Scrapy returns more results than expected

时间:2016-07-11 19:51:33

标签: python json web-scraping scrapy web-crawler

This is a continuation of the question: Extract from dynamic JSON response with Scrapy

I have a Scrapy spider that extract values from a JSON response. It works well, extract the right values, but somehow it enters in a loop and returns more results than expected (duplicate results).

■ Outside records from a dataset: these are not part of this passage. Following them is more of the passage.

(* Let $K$ be a compact Lie group which is a maximal compact subgroup of a linear semisimple complex algebraic group, let $c\in K$ and let $(a,b)\in K\times K$ with $aba^{-1}b^{-1}=c$. If $a$ is generic, then the cyclic group generated by the Dehn twist $\tau_\alpha$, which acts on $\mathcal{H}(a,b)=\{a\}\times bK_a$ by $(a,b')\mapsto(a,b'a)$, acts ergodically on $\mathcal{H}(a,b)$ (with respect to the pushforward of Haar measure on $K_a$ under $\zeta\mapsto(a,b\zeta)$). Similarly, if $b$ is generic, then the cyclic group generated by the Dehn twist $\tau_\beta$ acts ergodically on $\mathcal{H}'(a,b)=aK_b\times\{b\}$ (with respect to the pushforward of Haar measure on $K_b$ under $\zeta\mapsto(a\zeta,b)$).
   Context: Here $\Sigma$ is the genus-one surface with one boundary component, $\pi_1(\Sigma)$ is free on simple loops $\alpha,\beta$ meeting once, and representations $\rho$ of $\pi_1(\Sigma)$ into $K$ are identified with pairs $(a,b)=(\rho(\alpha),\rho(\beta))$; the Dehn twist along $\alpha$ fixes $\alpha$ and sends $\beta$ to $\beta\alpha$, so acts by $(a,b)\mapsto(a,ba)$, and the Dehn twist along $\beta$ acts analogously with the roles of $\alpha,\beta$ exchanged, preserving $aK_b\times\{b\}$ and acting on it as right multiplication of the first coordinate by $b^{\pm1}$. $K_x$ denotes the centralizer of $x$ in $K$. An element $x\in K$ is generic if it is regular (its centralizer $K_x$ is a maximal torus) and the cyclic group $\langle x\rangle$ is dense in $K_x$. *)

theory Defs
  imports "HOL-Analysis.Analysis" "HOL-Probability.Probability"
begin

type_synonym 'n cmat = "complex^'n^'n"

definition matrix_subgroup :: "('n::finite) cmat set \<Rightarrow> bool" where
  "matrix_subgroup S \<longleftrightarrow> S \<subseteq> {g. invertible g} \<and> mat 1 \<in> S \<and>
     (\<forall>x\<in>S. \<forall>y\<in>S. x ** y \<in> S) \<and> (\<forall>x\<in>S. matrix_inv x \<in> S)"

inductive_set poly_fun :: "(('n::finite) cmat \<Rightarrow> complex) set" where
  pconst: "(\<lambda>g. c) \<in> poly_fun"
| pcoord: "(\<lambda>g. g $ i $ j) \<in> poly_fun"
| padd: "p \<in> poly_fun \<Longrightarrow> q \<in> poly_fun \<Longrightarrow> (\<lambda>g. p g + q g) \<in> poly_fun"
| pmult: "p \<in> poly_fun \<Longrightarrow> q \<in> poly_fun \<Longrightarrow> (\<lambda>g. p g * q g) \<in> poly_fun"

definition linear_algebraic_group :: "('n::finite) cmat set \<Rightarrow> bool" where
  "linear_algebraic_group G \<longleftrightarrow> matrix_subgroup G \<and>
     (\<exists>P \<subseteq> poly_fun. G = {g. invertible g \<and> (\<forall>p\<in>P. p g = 0)})"

definition lie_algebra :: "('n::finite) cmat set \<Rightarrow> 'n cmat set" where
  "lie_algebra G = {X. \<exists>\<gamma>::real \<Rightarrow> 'n cmat. \<gamma> 0 = mat 1 \<and> (\<forall>t. \<gamma> t \<in> G) \<and>
                       (\<gamma> has_vector_derivative X) (at 0)}"

definition lie_bracket :: "('n::finite) cmat \<Rightarrow> 'n cmat \<Rightarrow> 'n cmat" where
  "lie_bracket X Y = X ** Y - Y ** X"

definition lie_ideal :: "('n::finite) cmat set \<Rightarrow> 'n cmat set \<Rightarrow> bool" where
  "lie_ideal g I \<longleftrightarrow> subspace I \<and> I \<subseteq> g \<and> (\<forall>X\<in>g. \<forall>Y\<in>I. lie_bracket X Y \<in> I)"

text \<open>A Lie algebra is semisimple iff it has no nonzero abelian ideal
  (equivalently: its radical is zero).\<close>
definition semisimple_lie_algebra :: "('n::finite) cmat set \<Rightarrow> bool" where
  "semisimple_lie_algebra g \<longleftrightarrow>
     (\<forall>I. lie_ideal g I \<and> (\<forall>X\<in>I. \<forall>Y\<in>I. lie_bracket X Y = 0) \<longrightarrow> I = {0})"

definition semisimple_algebraic_group :: "('n::finite) cmat set \<Rightarrow> bool" where
  "semisimple_algebraic_group G \<longleftrightarrow> linear_algebraic_group G \<and> connected G \<and>
     semisimple_lie_algebra (lie_algebra G)"

definition maximal_compact_subgroup :: "('n::finite) cmat set \<Rightarrow> 'n cmat set \<Rightarrow> bool" where
  "maximal_compact_subgroup G K \<longleftrightarrow> matrix_subgroup K \<and> compact K \<and> K \<subseteq> G \<and>
     (\<forall>K'. matrix_subgroup K' \<and> compact K' \<and> K \<subseteq> K' \<and> K' \<subseteq> G \<longrightarrow> K' = K)"

definition centralizer :: "('n::finite) cmat set \<Rightarrow> 'n cmat \<Rightarrow> 'n cmat set" where
  "centralizer K x = {k \<in> K. k ** x = x ** k}"

definition torus_in :: "('n::finite) cmat set \<Rightarrow> 'n cmat set \<Rightarrow> bool" where
  "torus_in K T \<longleftrightarrow> matrix_subgroup T \<and> T \<subseteq> K \<and> compact T \<and> connected T \<and>
     (\<forall>x\<in>T. \<forall>y\<in>T. x ** y = y ** x)"

definition maximal_torus :: "('n::finite) cmat set \<Rightarrow> 'n cmat set \<Rightarrow> bool" where
  "maximal_torus K T \<longleftrightarrow> torus_in K T \<and> (\<forall>T'. torus_in K T' \<and> T \<subseteq> T' \<longrightarrow> T' = T)"

primrec mpow :: "('n::finite) cmat \<Rightarrow> nat \<Rightarrow> 'n cmat" where
  "mpow x 0 = mat 1"
| "mpow x (Suc k) = x ** mpow x k"

definition cyclic_group :: "('n::finite) cmat \<Rightarrow> 'n cmat set" where
  "cyclic_group x = range (mpow x) \<union> range (mpow (matrix_inv x))"

definition regular :: "('n::finite) cmat set \<Rightarrow> 'n cmat \<Rightarrow> bool" where
  "regular K x \<longleftrightarrow> maximal_torus K (centralizer K x)"

definition generic :: "('n::finite) cmat set \<Rightarrow> 'n cmat \<Rightarrow> bool" where
  "generic K x \<longleftrightarrow> x \<in> K \<and> regular K x \<and> closure (cyclic_group x) = centralizer K x"

definition haar_measure :: "('n::finite) cmat set \<Rightarrow> 'n cmat measure \<Rightarrow> bool" where
  "haar_measure H \<mu> \<longleftrightarrow> prob_space \<mu> \<and> space \<mu> = H \<and>
     sets \<mu> = sets (restrict_space borel H) \<and>
     (\<forall>g\<in>H. \<forall>A\<in>sets \<mu>. emeasure \<mu> ((\<lambda>z. g ** z) ` A) = emeasure \<mu> A)"

definition ergodic_cyclic :: "'a measure \<Rightarrow> ('a \<Rightarrow> 'a) \<Rightarrow> bool" where
  "ergodic_cyclic M T \<longleftrightarrow>
     (\<forall>A\<in>sets M. T ` A = A \<longrightarrow> emeasure M A = 0 \<or> emeasure M (space M - A) = 0)"

definition tau_alpha :: "('n::finite) cmat \<times> 'n cmat \<Rightarrow> 'n cmat \<times> 'n cmat" where
  "tau_alpha p = (fst p, snd p ** fst p)"

definition tau_beta :: "('n::finite) cmat \<times> 'n cmat \<Rightarrow> 'n cmat \<times> 'n cmat" where
  "tau_beta p = (fst p ** snd p, snd p)"

definition leaf_alpha :: "('n::finite) cmat set \<Rightarrow> 'n cmat \<Rightarrow> 'n cmat \<Rightarrow> ('n cmat \<times> 'n cmat) set" where
  "leaf_alpha K a b = {a} \<times> ((\<lambda>z. b ** z) ` centralizer K a)"

definition leaf_beta :: "('n::finite) cmat set \<Rightarrow> 'n cmat \<Rightarrow> 'n cmat \<Rightarrow> ('n cmat \<times> 'n cmat) set" where
  "leaf_beta K a b = ((\<lambda>z. a ** z) ` centralizer K b) \<times> {b}"

end

theory Submission
  imports Defs
begin

(* The leaf {a} x bK_a is the image of the torus K_a under the continuous injection
   z |-> (a, b z), which conjugates tau_alpha to left translation by a on K_a, because
   every z in K_a commutes with a; likewise for tau_beta. So it suffices that left
   translation by a topological generator x of a compact abelian group T is ergodic for
   Haar measure. If x S = S, then h S = S for every h in the cyclic group generated by x.
   By inner and outer regularity, translation is continuous in measure, and that group is
   dense in T, so g S - S is null for every g in T. Fubini applied to
   {(g, y). g y in S, y not in S} then gives mu(S) mu(T - S) = 0. *)

lemma matrix_inv_mult:
  fixes A :: "'n::finite cmat"
  assumes "invertible A"
  shows "A ** matrix_inv A = mat 1" and "matrix_inv A ** A = mat 1"
  using someI_ex[OF assms[unfolded invertible_def]] by (simp_all add: matrix_inv_def)

lemma inj_matrix_mult_left:
  fixes A :: "'n::finite cmat"
  assumes "invertible A"
  shows "inj (\<lambda>z. A ** z)"
  by (rule inj_on_inverseI[of _ "\<lambda>z. matrix_inv A ** z"])
     (simp add: matrix_mul_assoc matrix_inv_mult(2)[OF assms])

lemma bounded_bilinear_matrix_mult:
  "bounded_bilinear ((**) :: 'n::finite cmat \<Rightarrow> 'n cmat \<Rightarrow> 'n cmat)"
proof -
  have "((A::'n cmat) + B) ** C = A ** C + B ** C" for A B C
    by (vector matrix_matrix_mult_def sum.distrib[symmetric] field_simps)
  then have "bilinear ((**) :: 'n cmat \<Rightarrow> 'n cmat \<Rightarrow> 'n cmat)"
    unfolding bilinear_def linear_iff
    by (auto simp: matrix_add_ldistrib scalar_matrix_assoc matrix_scalar_ac)
  then show ?thesis
    by (rule bilinear_conv_bounded_bilinear[THEN iffD1])
qed

lemma continuous_on_matrix_mult_left [continuous_intros]:
  fixes A :: "'n::finite cmat" and S :: "'n cmat set"
  shows "continuous_on S (\<lambda>z. A ** z)"
  by (intro linear_continuous_on bounded_bilinear.bounded_linear_right bounded_bilinear_matrix_mult)

lemma borel_measurable_matrix_mult:
  "(\<lambda>p::'n::finite cmat \<times> 'n cmat. fst p ** snd p) \<in> borel_measurable borel"
  by (intro borel_measurable_continuous_onI continuous_at_imp_continuous_on ballI
      bounded_bilinear.continuous[OF bounded_bilinear_matrix_mult] continuous_intros)

definition left_translate :: "'n::finite cmat \<Rightarrow> 'n cmat set \<Rightarrow> 'n cmat set" where
  "left_translate g S = (\<lambda>z. g ** z) ` S"

lemma left_translate_one [simp]: "left_translate (mat 1) S = S"
  by (simp add: left_translate_def)

lemma left_translate_left_translate:
  "left_translate g (left_translate h S) = left_translate (g ** h) S"
  by (simp add: left_translate_def image_image matrix_mul_assoc)

lemma left_translate_eq_vimage:
  assumes "A ** B = mat 1" and "B ** A = mat 1"
  shows "left_translate A S = (\<lambda>z. B ** z) -` S"
proof (intro set_eqI iffI)
  fix x assume "x \<in> (\<lambda>z. B ** z) -` S"
  moreover have "x = A ** (B ** x)" by (simp add: matrix_mul_assoc assms)
  ultimately show "x \<in> left_translate A S" unfolding left_translate_def by blast
qed (auto simp: left_translate_def matrix_mul_assoc assms)

lemma left_translate_diff:
  assumes "invertible g"
  shows "left_translate g (S - S') = left_translate g S - left_translate g S'"
  by (simp add: left_translate_eq_vimage[OF matrix_inv_mult[OF assms]] vimage_Diff)

lemma left_translate_cyclic_group:
  assumes "invertible x" and "left_translate x S = S" and "h \<in> cyclic_group x"
  shows "left_translate h S = S"
proof -
  have "left_translate (matrix_inv x) S = left_translate (matrix_inv x) (left_translate x S)"
    using assms(2) by simp
  then have inv: "left_translate (matrix_inv x) S = S"
    by (simp add: left_translate_left_translate matrix_inv_mult[OF assms(1)])
  have "left_translate (mpow y n) S = S" if "left_translate y S = S" for y n
    using that by (induction n) (simp_all add: left_translate_left_translate[symmetric])
  then show ?thesis
    using assms(2,3) inv unfolding cyclic_group_def by blast
qed

locale compact_haar =
  fixes T :: "'n::finite cmat set" and \<mu> :: "'n cmat measure"
  assumes subgroup: "matrix_subgroup T" and compact: "compact T" and haar: "haar_measure T \<mu>"
begin

sublocale prob_space \<mu>
  using haar by (simp add: haar_measure_def)

lemma space_eq: "space \<mu> = T"
  and sets_eq: "sets \<mu> = sets (restrict_space borel T)"
  and emeasure_left_translate: "g \<in> T \<Longrightarrow> A \<in> sets \<mu> \<Longrightarrow> emeasure \<mu> (left_translate g A) = emeasure \<mu> A"
  using haar by (auto simp: haar_measure_def left_translate_def)

lemma one_mem: "mat 1 \<in> T"
  and mult_mem: "x \<in> T \<Longrightarrow> y \<in> T \<Longrightarrow> x ** y \<in> T"
  and inv_mem: "x \<in> T \<Longrightarrow> matrix_inv x \<in> T"
  and invertible: "x \<in> T \<Longrightarrow> invertible x"
  using subgroup unfolding matrix_subgroup_def by blast+

lemma sets_iff: "S \<in> sets \<mu> \<longleftrightarrow> S \<subseteq> T \<and> S \<in> sets borel"
  using compact_imp_closed[OF compact]
  by (simp add: sets_eq sets_restrict_space_iff borel_closed)

lemma borel_measurable_continuous:
  "continuous_on T f \<Longrightarrow> f \<in> borel_measurable \<mu>"
  using measurable_cong_sets[OF sets_eq refl] borel_measurable_continuous_on_restrict by blast
(* Let $\varepsilon>0$, let $\widetilde M_f,\widetilde M_g$ be as in the context, and let $\varphi:\widetilde M_f\to\widetilde M_g$ be the continuous map $\varphi=\phi_1\cup\cdots\cup\phi_{\eta_f}$ obtained from a leaf assignment whose path extensions agree pairwise at least common ancestors of leaves. For each pair of distinct leaves $(u_i,u_j)$ of $\widetilde M_f$ let $v=\mathrm{LCA}(u_i,u_j)$ and let $P_i,P_j$ be their leaf-to-root paths. Traversing downward from $v$ along $P_i$ and $P_j$, let $u_r\in P_i$ and $u_s\in P_j$ be the first pair of nodes such that (i) $\tilde f(u_r)=\tilde f(u_s)$ and (ii) $\tilde f(v)-\tilde f(u_r)>2\varepsilon$ (the $2\varepsilon$-pair of $(u_i,u_j)$, if it exists). Then $\varphi$ satisfies the Ancestor-Shift property (for all $x_1,x_2\in\widetilde M_f$, $\varphi(x_1)\succeq\varphi(x_2)$ implies $i^{2\varepsilon}(x_1)\succeq i^{2\varepsilon}(x_2)$) if and only if $\varphi(u_r)\neq\varphi(u_s)$ for every pair of distinct leaves $(u_i,u_j)$ of $\widetilde M_f$, where for a leaf pair whose $2\varepsilon$-pair does not exist the condition is regarded as satisfied.
   Context: A finite merge tree is a finite rooted tree regarded as a topological space, with a continuous height function strictly increasing along each edge toward the root. Let $M_f$ (height $\tilde f$, root $r_f$) and $M_g$ (height $\tilde g$, root $r_g$) be finite merge trees with $\tilde g(r_g)=\tilde f(r_f)+\varepsilon$. Let $H=\{\tilde f(u): u \text{ a node of } M_f\}\cup\{\tilde g(w)-\varepsilon: w\text{ a node of } M_g\}$. $\widetilde M_f$ is obtained from $M_f$ by inserting a degree-two node at every point $x$ with $\tilde f(x)\in H$ not already a node; $\widetilde M_g$ from $M_g$ by inserting degree-two nodes at all points with $\tilde g$-value in $H+\varepsilon$ not already nodes. "Nodes" below refers to nodes of the augmented trees. Let $u_1,\dots,u_{\eta_f}$ be the leaves of $\widetilde M_f$, and $\phi$ assign to each $u_i$ a node $\phi(u_i)$ of $\widetilde M_g$ with $\tilde g(\phi(u_i))=\tilde f(u_i)+\varepsilon$. With $P_i$ the path from $u_i$ to the root of $\widetilde M_f$ and $P_i'$ that from $\phi(u_i)$ to the root of $\widetilde M_g$, $\phi_i:P_i\to P_i'$ sends $x$ to the unique point of $P_i'$ with $\tilde g$-value $\tilde f(x)+\varepsilon$; it is assumed $\phi_i(v)=\phi_j(v)$ for $v=\mathrm{LCA}(u_i,u_j)$ (lowest common ancestor) for all $i\neq j$, so $\varphi(x)=\phi_i(x)$ for $x\in P_i$ is well-defined. $a\succeq b$ means $a$ lies on the upward path from $b$. For the shift map, $\widetilde M_f$ is regarded as extended by an infinite ray above its root on which $\tilde f$ increases to $+\infty$, and $i^{2\varepsilon}(x)$ is the unique ancestor of $x$ with $\tilde f$-value $\tilde f(x)+2\varepsilon$. *)

theory Defs
  imports Complex_Main
begin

For example for 17 values provided in test.txt file it returns 289 results, that means 17 times more than expected.

Spider content below:

import scrapy
import json
from whois.items import WhoisItem

class whoislistSpider(scrapy.Spider):
    name = "whois_list"
    start_urls = []
    f = open('test.txt', 'r')
    global lines
    lines = f.read().splitlines()
    f.close()
    def __init__(self):
        for line in lines:
            self.start_urls.append('http://www.example.com/api/domain/check/%s/com' % line)

    def parse(self, response):
        for line in lines:
            jsonresponse = json.loads(response.body_as_unicode())
            item = WhoisItem()
            domain_name = list(jsonresponse['domains'].keys())[0]
            item["avail"] = jsonresponse["domains"][domain_name]["avail"]
            item["domain"] = domain_name
            yield item

items.py content below

import scrapy

class WhoisItem(scrapy.Item):
    avail = scrapy.Field()
    domain = scrapy.Field()

pipelines.py below

class WhoisPipeline(object):
    def process_item(self, item, spider):
        return item

Thank you in advance for all the replies.

1 个答案:

答案 0 :(得分:1)

The parse function should be like this:

def parse(self, response):
    jsonresponse = json.loads(response.body_as_unicode())
    item = WhoisItem()
    domain_name = list(jsonresponse['domains'].keys())[0]
    item["avail"] = jsonresponse["domains"][domain_name]["avail"]
    item["domain"] = domain_name
    yield item

Notice that I removed the for loop.

What was happening: for every single response you would loop and parse it 17 times. (Therefore resulting in 17*17 records)